When he got out, the streets were empty. The city was quiet in that way that makes you look over your shoulder every few minutes.

He walked to the railyard. Through the gap in the fence. Across the broken asphalt. Chemical plant groaning in the distance like always.

He walked to the parking lot.

The air hit him before he got close. His chest became tight. Ears popping. Cold cutting straight through his jacket.

He stopped at the edge.

Something was wrong with the lot. The cracks in the ground were wider than yesterday. The weeds had gone black. Not dead brown. Actually black, like something had burned them from the inside. The sign was completely gone. Just the bare rusted pole.

He looked down at his feet. The ground felt soft. Like it was breathing.

"I know you're here," he said.

His voice came out smaller than he wanted.

"I know you sent that message."

The air went colder. His breath came out white.

"I know you're in my dreams."

Something moved at the edge of his vision. He turned.

The sinkhole was back. Way bigger this time. Thirty feet maybe. Edges black and jagged. The dirt around it was moving in and out. Like something underneath was breathing through it.

His legs walked toward it. He didn't tell them to.

He got to the edge and looked down.

He saw bones. Loads of them. Some old and yellow and crumbling. Some white and newer. Some with things on them he didn't look at directly. Goosebumps filled his entire body immediately. His hands were shaking. His face went pale.

Then he saw the jacket.

That specific faded blue. His dad's blue.

His stomach dropped out of him.

The bones shifted. Something pushing up from underneath.

A hand came up through the pile. A real hand. Pale and thin with its fingers moving slowly in an abnormal direction.

Leo stumbled back and went down hard. All the air left him.

He looked up.

The hand was still there. Still reaching.

Then the voice came. Not from outside. From inside his head, his chest. Like it had always been in there.

You came back.

He tried to make a sound. But nothing came out.

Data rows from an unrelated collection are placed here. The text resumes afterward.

lemma master_rhs_affine:
  "master_rhs \<epsilon> \<omega> \<Lambda> \<Omega> V (u, n1, n2) \<rho> = master_rhs \<epsilon> \<omega> \<Lambda> \<Omega> V (0, 0, 0) \<rho>
     + u *\<^sub>R csmul (-\<i>) (comm V \<rho>) + n1 *\<^sub>R n_generator \<epsilon> \<Lambda> \<Omega> 1 \<rho> + n2 *\<^sub>R n_generator \<epsilon> \<Lambda> \<Omega> 2 \<rho>"
proof -
  \<comment> \<open>The anticommutator terms of the two halves of the dissipator combine to \<open>2\<rho>\<close>.\<close>
  have "acomm (mat 1) \<rho> = 2 *\<^sub>R \<rho>"
    by (simp add: acomm_def scaleR_2)
  then have two_rho: "2 *\<^sub>R \<rho> = acomm (sigma_p j ** sigma_m j) \<rho> + acomm (sigma_m j ** sigma_p j) \<rho>" for j
    by (simp add: acomm_add_left[symmetric] sigma_anticommutator)
  have n_generator: "n_generator \<epsilon> \<Lambda> \<Omega> j \<rho> = (\<epsilon> * \<Lambda> j) *\<^sub>R csmul (-\<i>) (comm (W j) \<rho>)
      + (\<epsilon> * \<Omega> j) *\<^sub>R (2 *\<^sub>R (sigma_m j ** \<rho> ** sigma_p j) + 2 *\<^sub>R (sigma_p j ** \<rho> ** sigma_m j)
          - acomm (sigma_p j ** sigma_m j) \<rho> - acomm (sigma_m j ** sigma_p j) \<rho>)" for j
    unfolding n_generator_def two_rho[of j] csmul_mult_of_real[symmetric]
    by (simp add: algebra_simps)
  show ?thesis
    unfolding n_generator
    by (simp add: master_rhs_def Hc_def LD_def LD_j_def comm_add_left comm_scaleR_left csmul_add
        csmul_scaleR del: One_nat_def) (simp add: algebra_simps)
qed

lemma K_n_eq_n_generator: "K_n \<epsilon> \<Lambda> \<Omega> j X \<rho> = Re (hs_inner X (n_generator \<epsilon> \<Lambda> \<Omega> j \<rho>))"
  by (simp add: K_n_def n_generator_def)

lemma Re_hs_inner_master_rhs_increment:
  "Re (hs_inner X (master_rhs \<epsilon> \<omega> \<Lambda> \<Omega> V d \<rho>)) - Re (hs_inner X (master_rhs \<epsilon> \<omega> \<Lambda> \<Omega> V c \<rho>))
     = K_c \<epsilon> \<Lambda> \<Omega> V X \<rho> \<bullet> (d - c)"
proof -
  obtain u n1 n2 where c: "c = (u, n1, n2)"
    by (cases c) auto
  obtain u' n1' n2' where d: "d = (u', n1', n2')"
    by (cases d) auto
  show ?thesis
    unfolding c d master_rhs_affine[of \<epsilon> \<omega> \<Lambda> \<Omega> V u] master_rhs_affine[of \<epsilon> \<omega> \<Lambda> \<Omega> V u']
    by (simp add: K_c_def K_u_def K_n_eq_n_generator hs_inner_add_right hs_inner_scaleR_right
        algebra_simps)
qed

lemma Re_hs_inner_has_vector_derivative:
  assumes "hermitian V"
    and "(\<rho> has_vector_derivative master_rhs \<epsilon> \<omega> \<Lambda> \<Omega> V d (\<rho> t)) (at t within S)"
    and "(X has_vector_derivative adjoint_rhs \<epsilon> \<omega> \<Lambda> \<Omega> V c (X t)) (at t within S)"
  shows "((\<lambda>t. Re (hs_inner (X t) (\<rho> t))) has_vector_derivative K_c \<epsilon> \<Lambda> \<Omega> V (X t) (\<rho> t) \<bullet> (d - c))
           (at t within S)"
proof -
  have "Re (hs_inner (X t) (master_rhs \<epsilon> \<omega> \<Lambda> \<Omega> V d (\<rho> t)))
        + Re (hs_inner (adjoint_rhs \<epsilon> \<omega> \<Lambda> \<Omega> V c (X t)) (\<rho> t))
      = K_c \<epsilon> \<Lambda> \<Omega> V (X t) (\<rho> t) \<bullet> (d - c)"
    using Re_hs_inner_master_rhs_increment hs_inner_adjoint_rhs[OF assms(1)] by simp
  with bounded_bilinear.has_vector_derivative[OF bounded_bilinear_Re_hs_inner assms(3,2)]
  show ?thesis
    by simp
qed

lemma Re_hs_inner_solutions_has_vector_derivative:
  assumes "hermitian V"
    and "master_solution \<epsilon> \<omega> \<Lambda> \<Omega> V T \<rho>0 d \<rho>"
    and "adjoint_solution \<epsilon> \<omega> \<Lambda> \<Omega> V T \<rho>target c X"
  obtains S where "finite S" and "continuous_on {0..T} (\<lambda>t. Re (hs_inner (X t) (\<rho> t)))"
    and "\<And>t. t \<in> {0..T} - S \<Longrightarrow> ((\<lambda>t. Re (hs_inner (X t) (\<rho> t)))
           has_vector_derivative K_c \<epsilon> \<Lambda> \<Omega> V (X t) (\<rho> t) \<bullet> (d t - c t)) (at t within {0..T})"
proof -
  obtain S1 where "finite S1" and "continuous_on {0..T} \<rho>"
    and \<rho>': "\<And>t. t \<in> {0..T} - S1 \<Longrightarrow>
           (\<rho> has_vector_derivative master_rhs \<epsilon> \<omega> \<Lambda> \<Omega> V (d t) (\<rho> t)) (at t within {0..T})"
    using assms(2) unfolding master_solution_def by blast
  moreover obtain S2 where "finite S2" and "continuous_on {0..T} X"
    and X': "\<And>t. t \<in> {0..T} - S2 \<Longrightarrow>
           (X has_vector_derivative adjoint_rhs \<epsilon> \<omega> \<Lambda> \<Omega> V (c t) (X t)) (at t within {0..T})"
    using assms(3) unfolding adjoint_solution_def by blast
  ultimately show thesis
    using that[of "S1 \<union> S2"] bounded_bilinear.continuous_on[OF bounded_bilinear_Re_hs_inner]
      Re_hs_inner_has_vector_derivative[OF assms(1) \<rho>' X']
    by blast
qed

lemma Re_hs_inner_conserved:
  assumes "hermitian V" "0 \<le> T"
    and "master_solution \<epsilon> \<omega> \<Lambda> \<Omega> V T \<rho>0 c \<rho>"
    and "adjoint_solution \<epsilon> \<omega> \<Lambda> \<Omega> V T \<rho>target c X"
  shows "Re (hs_inner (X T) (\<rho> T)) = Re (hs_inner (X 0) (\<rho> 0))"
proof (rule Re_hs_inner_solutions_has_vector_derivative[OF assms(1,3,4)])
  fix S
  assume "finite S" "continuous_on {0..T} (\<lambda>t. Re (hs_inner (X t) (\<rho> t)))"
    and "\<And>t. t \<in> {0..T} - S \<Longrightarrow> ((\<lambda>t. Re (hs_inner (X t) (\<rho> t)))
           has_vector_derivative K_c \<epsilon> \<Lambda> \<Omega> V (X t) (\<rho> t) \<bullet> (c t - c t)) (at t within {0..T})"
  from has_integral_derivative_cofinite[OF this(1) assms(2) this(2,3)] show ?thesis
    by simp
qed

lemma J1_eq_Re_hs_inner: "hermitian \<rho>target \<Longrightarrow> J1 T \<rho>target \<rho> = Re (hs_inner \<rho>target (\<rho> T))"
  unfolding J1_def hs_inner_def hermitian_def by (metis trace_mul_sym)

lemma J1_increment_eq_Re_hs_inner_increment:
  assumes "hermitian V" "0 \<le> T" "density_matrix \<rho>target"
    and "master_solution \<epsilon> \<omega> \<Lambda> \<Omega> V T \<rho>0 c \<rho>"
    and "adjoint_solution \<epsilon> \<omega> \<Lambda> \<Omega> V T \<rho>target c X"
    and "master_solution \<epsilon> \<omega> \<Lambda> \<Omega> V T \<rho>0 c' \<rho>'"
  shows "J1 T \<rho>target \<rho>' - J1 T \<rho>target \<rho> = Re (hs_inner (X T) (\<rho>' T)) - Re (hs_inner (X 0) (\<rho>' 0))"
proof -
  have "hermitian \<rho>target" "\<rho> 0 = \<rho>0" "\<rho>' 0 = \<rho>0" "X T = \<rho>target"
    using assms(3-6)
    by (simp_all add: density_matrix_def psd_def master_solution_def adjoint_solution_def)
  then show ?thesis
    using Re_hs_inner_conserved[OF assms(1,2,4,5)] by (simp add: J1_eq_Re_hs_inner)
qed

lemma K_c_inner_diff:
  "K_c \<epsilon> \<Lambda> \<Omega> V X \<rho> \<bullet> (d - c) = K_u V X \<rho> * (fst d - fst c)
     + K_n \<epsilon> \<Lambda> \<Omega> 1 X \<rho> * (fst (snd d) - fst (snd c)) + K_n \<epsilon> \<Lambda> \<Omega> 2 X \<rho> * (snd (snd d) - snd (snd c))"
  by (cases c; cases d) (simp add: K_c_def)

lemma switching_gains_nonneg:
  assumes "c \<in> control_set \<mu> nmax"
    and "is_arg_max (\<lambda>v. K_u V X \<rho> * v) (\<lambda>v. \<bar>v\<bar> \<le> \<mu>) (fst d)"
    and "is_arg_max (\<lambda>v. K_n \<epsilon> \<Lambda> \<Omega> 1 X \<rho> * v) (\<lambda>v. v \<in> {0..nmax}) (fst (snd d))"
    and "is_arg_max (\<lambda>v. K_n \<epsilon> \<Lambda> \<Omega> 2 X \<rho> * v) (\<lambda>v. v \<in> {0..nmax}) (snd (snd d))"
  shows "0 \<le> K_u V X \<rho> * (fst d - fst c)"
    and "0 \<le> K_n \<epsilon> \<Lambda> \<Omega> 1 X \<rho> * (fst (snd d) - fst (snd c))"
    and "0 \<le> K_n \<epsilon> \<Lambda> \<Omega> 2 X \<rho> * (snd (snd d) - snd (snd c))"
proof -
  have "\<bar>fst c\<bar> \<le> \<mu>" "fst (snd c) \<in> {0..nmax}" "snd (snd c) \<in> {0..nmax}"
    using assms(1) by (auto simp: control_set_def mem_Times_iff)
  then show "0 \<le> K_u V X \<rho> * (fst d - fst c)"
    and "0 \<le> K_n \<epsilon> \<Lambda> \<Omega> 1 X \<rho> * (fst (snd d) - fst (snd c))"
    and "0 \<le> K_n \<epsilon> \<Lambda> \<Omega> 2 X \<rho> * (snd (snd d) - snd (snd c))"
    using assms(2-4) by (simp_all add: is_arg_max_linear_gain)
qed

theorem proposition1:
  fixes \<epsilon> T \<mu> nmax :: real
    and \<omega> \<Lambda> \<Omega> :: "nat \<Rightarrow> real"
    and V \<rho>0 \<rho>target :: mat4
    and ck ck1 :: "real \<Rightarrow> real \<times> real \<times> real"
    and \<rho>k \<rho>k1 Xk :: "real \<Rightarrow> mat4"
  assumes params: "\<epsilon> > 0" "\<forall>j\<in>{1,2}. \<omega> j > 0 \<and> \<Lambda> j > 0 \<and> \<Omega> j > 0"
      and T: "T > 0" and mu: "\<mu> > 0" and nmax: "nmax > 0"
      and V: "hermitian V"
      and rho0: "density_matrix \<rho>0" and target: "density_matrix \<rho>target"
      and adm_k: "admissible T \<mu> nmax ck"
      and sol_k: "master_solution \<epsilon> \<omega> \<Lambda> \<Omega> V T \<rho>0 ck \<rho>k"
      and adj_k: "adjoint_solution \<epsilon> \<omega> \<Lambda> \<Omega> V T \<rho>target ck Xk"
      and adm_k1: "admissible T \<mu> nmax ck1"
      and sol_k1: "master_solution \<epsilon> \<omega> \<Lambda> \<Omega> V T \<rho>0 ck1 \<rho>k1"
      and argmax_u: "\<forall>t\<in>{0..T}. is_arg_max (\<lambda>v. K_u V (Xk t) (\<rho>k1 t) * v)
                                  (\<lambda>v. \<bar>v\<bar> \<le> \<mu>) (fst (ck1 t))"
      and argmax_n1: "\<forall>t\<in>{0..T}. is_arg_max (\<lambda>v. K_n \<epsilon> \<Lambda> \<Omega> 1 (Xk t) (\<rho>k1 t) * v)
                                  (\<lambda>v. v \<in> {0..nmax}) (fst (snd (ck1 t)))"
      and argmax_n2: "\<forall>t\<in>{0..T}. is_arg_max (\<lambda>v. K_n \<epsilon> \<Lambda> \<Omega> 2 (Xk t) (\<rho>k1 t) * v)
                                  (\<lambda>v. v \<in> {0..nmax}) (snd (snd (ck1 t)))"
  shows "(\<forall>t\<in>{0..T}. K_c \<epsilon> \<Lambda> \<Omega> V (Xk t) (\<rho>k1 t) \<bullet> (ck1 t - ck t) \<ge> 0)
       \<and> J1 T \<rho>target \<rho>k1 \<ge> J1 T \<rho>target \<rho>k
       \<and> ((emeasure lebesgue {t\<in>{0..T}. fst (ck1 t) \<noteq> fst (ck t)
                                  \<and> K_u V (Xk t) (\<rho>k1 t) \<noteq> 0} > 0
           \<or> emeasure lebesgue {t\<in>{0..T}. fst (snd (ck1 t)) \<noteq> fst (snd (ck t))
                                  \<and> K_n \<epsilon> \<Lambda> \<Omega> 1 (Xk t) (\<rho>k1 t) \<noteq> 0} > 0
           \<or> emeasure lebesgue {t\<in>{0..T}. snd (snd (ck1 t)) \<noteq> snd (snd (ck t))
                                  \<and> K_n \<epsilon> \<Lambda> \<Omega> 2 (Xk t) (\<rho>k1 t) \<noteq> 0} > 0)
          \<longrightarrow> J1 T \<rho>target \<rho>k1 > J1 T \<rho>target \<rho>k)"
proof -
  let ?F = "\<lambda>t. Re (hs_inner (Xk t) (\<rho>k1 t))"
  let ?gu = "\<lambda>t. K_u V (Xk t) (\<rho>k1 t) * (fst (ck1 t) - fst (ck t))"
  let ?g1 = "\<lambda>t. K_n \<epsilon> \<Lambda> \<Omega> 1 (Xk t) (\<rho>k1 t) * (fst (snd (ck1 t)) - fst (snd (ck t)))"
  let ?g2 = "\<lambda>t. K_n \<epsilon> \<Lambda> \<Omega> 2 (Xk t) (\<rho>k1 t) * (snd (snd (ck1 t)) - snd (snd (ck t)))"
  have gains: "0 \<le> ?gu t" "0 \<le> ?g1 t" "0 \<le> ?g2 t" if t: "t \<in> {0..T}" for t
    using switching_gains_nonneg[OF _ argmax_u[rule_format, OF t] argmax_n1[rule_format, OF t]
        argmax_n2[rule_format, OF t]] adm_k t
    by (auto simp: admissible_def)
  obtain S where S: "finite S" and F_cont: "continuous_on {0..T} ?F"
    and F_deriv: "\<And>t. t \<in> {0..T} - S \<Longrightarrow>
           (?F has_vector_derivative ?gu t + ?g1 t + ?g2 t) (at t within {0..T})"
    by (rule Re_hs_inner_solutions_has_vector_derivative[OF V sol_k1 adj_k, unfolded K_c_inner_diff])
      (rule that)
  note J1_gain = J1_increment_eq_Re_hs_inner_increment[OF V less_imp_le[OF T] target sol_k adj_k sol_k1]
  have gain: "0 \<le> ?gu t + ?g1 t + ?g2 t" if "t \<in> {0..T} - S" for t
    using gains that by (meson DiffD1 add_nonneg_nonneg)
  note increment = derivative_nonneg_cofinite_increment[OF S T F_cont F_deriv gain]
  show ?thesis (is "_ \<and> _ \<and> (?switched \<longrightarrow> _)")
  proof (intro conjI impI)
    show "\<forall>t\<in>{0..T}. K_c \<epsilon> \<Lambda> \<Omega> V (Xk t) (\<rho>k1 t) \<bullet> (ck1 t - ck t) \<ge> 0"
      using gains by (simp add: K_c_inner_diff)
    show "J1 T \<rho>target \<rho>k1 \<ge> J1 T \<rho>target \<rho>k"
      using J1_gain increment(1) by linarith
  next
    assume ?switched
    show "J1 T \<rho>target \<rho>k1 > J1 T \<rho>target \<rho>k"
    proof (rule ccontr)
      assume "\<not> ?thesis"
      with J1_gain increment(1) have "?F 0 = ?F T"
        by linarith
      with increment(2) gains have zero: "?gu t = 0" "?g1 t = 0" "?g2 t = 0" if "t \<in> {0..T} - S" for t
        using that by (smt (verit) DiffD1)+
      with \<open>?switched\<close> show False
        using emeasure_lebesgue_nonvanishing_product[OF S, where A="{0..T}", OF zero(1)]
          emeasure_lebesgue_nonvanishing_product[OF S, where A="{0..T}", OF zero(2)]
          emeasure_lebesgue_nonvanishing_product[OF S, where A="{0..T}", OF zero(3)] by simp
    qed
  qed
qed

end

I knew you would. They always do.

The ground shook vehemently. The sinkhole spread wider. Bones and dirt fell into whatever was underneath. The sound was too deep, like thunder coming up through the ground.

He held his head, closed his eyes and pressed his teeth tightly together. He wanted to scream but the sounds were coming out. The air kept filling his mouth.

Your father came back three times. He cried. He begged. Made promises he couldn't keep.

Leo got up onto his elbows. Arms shaking. "What did you do to him?" His voice came out finally.

The hand pointed at the jacket. At the bones.

He's still here. The part that remembered.

Even after he forgot why he kept coming. Even after he forgot who he was.

The fingers stretched toward Leo.

The same thing that brought you here.

He tried to get up. His legs were stuck. The black liquid was climbing his boots. Past his ankles.

"No."

Yes.

The ground pulled him forward. He clawed at cracks and weeds and anything. The black liquid covered his hands. Nothing held.

He reached the edge.

He looked down.

Every bone was moving now. Climbing over each other. And underneath all of it something dark. No shape. No face. Just something open and waiting.

Ahhhhh! Leo screamed and tore his throat.

The voice came one last time.

Welcome, Player 7,445,212.

The ground opened.

He fell down sideways into the dark. Hands grabbing at his clothes, his hair, his face. Cold fingers everywhere.

Something tore inside his chest. Not his outer skin but deeper.

The last thing his eyes saw was the jacket before everywhere went dark.